Yield each gallery entry with an image_urls list built from absolute image URLs.

import scrapy
 
from images_demo.items import GalleryItem
 
class GallerySpider(scrapy.Spider):
    name = "gallery"
    start_urls = ["http://media.example.net/gallery.html"]
 
    def parse(self, response):
        for card in response.css("figure"):
            image_src = card.css("img::attr(src)").get()
            if image_src:
                yield GalleryItem(
                    title=card.css("figcaption::text").get(),
                    image_urls=[response.urljoin(image_src)],
                )

image_urls must stay a list even when each item has only one image, and response.urljoin() converts a relative src value into a full request URL that the pipeline can download.

Run the spider and export the items so the images metadata is saved with each record.

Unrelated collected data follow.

theorem proposition19:
  fixes T :: "'a::complex_hilbert \<Rightarrow> 'a" and p :: real
  assumes "separable_space TYPE('a)"
    and "0 < p" and "p < 1"
    and "complex_bounded_linear T"
    and "T \<noteq> (\<lambda>x. 0)"
  shows "\<exists>F::nat \<Rightarrow> 'a. is_frame F \<and> \<not> in_ell_p p (\<lambda>n. cinner (T (F n)) (F n))"
proof -
  obtain d :: "nat \<Rightarrow> 'a" where dense: "closure (range d) = UNIV"
    using separable_space_imp_dense_sequence[OF assms(1)] by blast
  obtain u where u: "norm u = 1" "cinner (T u) u \<noteq> 0"
    using exists_unit_cinner_apply_self_neq_0[OF assms(4,5)] by blast
  define c where "c n = real (Suc n) powr (- 1 / p / 2)" for n
  define F where "F m = (if even m then gram_schmidt d (m div 2)
    else complex_of_real (c (m div 2)) *\<^sub>C u)" for m
  have c_sq: "(c n)\<^sup>2 = real (Suc n) powr (- 1 / p)" for n
    unfolding c_def by (rule power2_powr_half) simp
  have "summable (\<lambda>n. (norm (complex_of_real (c n) *\<^sub>C u))\<^sup>2)"
    using summable_Suc_powr_neg_inverse[OF assms(2,3)] by (simp add: norm_scaleC u c_sq)
  then have "is_frame F"
    unfolding F_def by (rule is_frame_interleave_square_summable[OF gram_schmidt_parseval[OF dense]])
  moreover have "\<not> in_ell_p p (\<lambda>m. cinner (T (F m)) (F m))"
  proof
    assume "in_ell_p p (\<lambda>m. cinner (T (F m)) (F m))"
    then have "summable (\<lambda>n. cmod (cinner (T (F (2 * n + 1))) (F (2 * n + 1))) powr p)"
      unfolding in_ell_p_def by (rule summable_comp_strict_mono[rotated 2]) (auto simp: strict_mono_def)
    then show False
      using not_summable_Suc_powr_neg_inverse_times[OF assms(2) u(2)]
      by (simp add: F_def cinner_apply_scaleC_real_self[OF assms(4)] c_sq)
  qed
  ultimately show ?thesis
    by blast
qed

end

$ scrapy crawl gallery -O gallery.jl
2026-04-22 05:58:50 [scrapy.utils.log] INFO: Scrapy 2.15.0 started (bot: images_demo)
##### snipped #####
2026-04-22 05:58:56 [scrapy.middleware] INFO: Enabled item pipelines:
['scrapy.pipelines.images.ImagesPipeline']
2026-04-22 05:58:57 [scrapy.pipelines.files] DEBUG: File (downloaded): Downloaded file from <GET http://media.example.net/images/gallery-1.png> referred in <None>
2026-04-22 05:58:59 [scrapy.pipelines.files] DEBUG: File (downloaded): Downloaded file from <GET http://media.example.net/images/gallery-2.png> referred in <None>
2026-04-22 05:58:59 [scrapy.extensions.feedexport] INFO: Stored jl feed (2 items) in: gallery.jl

If the image URL first returns 301 or 302, add MEDIA_ALLOW_REDIRECTS = True before this run or the media request is treated as failed.

Open the exported feed to confirm Scrapy wrote the stored image metadata back into each item.

$ cat gallery.jl
{"title": "Gallery Image 1", "image_urls": ["http://media.example.net/images/gallery-1.png"], "images": [{"url": "http://media.example.net/images/gallery-1.png", "path": "full/190189632ca8f84ddd67245247213422e717d64b.jpg", "checksum": "3c101f2e17b8840bcab68cc377586430", "status": "downloaded"}]}
{"title": "Gallery Image 2", "image_urls": ["http://media.example.net/images/gallery-2.png"], "images": [{"url": "http://media.example.net/images/gallery-2.png", "path": "full/bc4de106168178ec5616391b97c904c442dd2796.jpg", "checksum": "fc1f6b7f319e089d0f1f04b239bf0396", "status": "downloaded"}]}

The path value is relative to IMAGES_STORE, not an absolute filesystem path.

List the image store to confirm the downloaded files exist as local JPEG images under full/.
```
$ ls images-store/full
190189632ca8f84ddd67245247213422e717d64b.jpg
bc4de106168178ec5616391b97c904c442dd2796.jpg
```
ImagesPipeline hashes the source URL into the stored filename by default. Override file_path() in a custom pipeline when original filenames or per-item folders matter more than the default hash-based layout.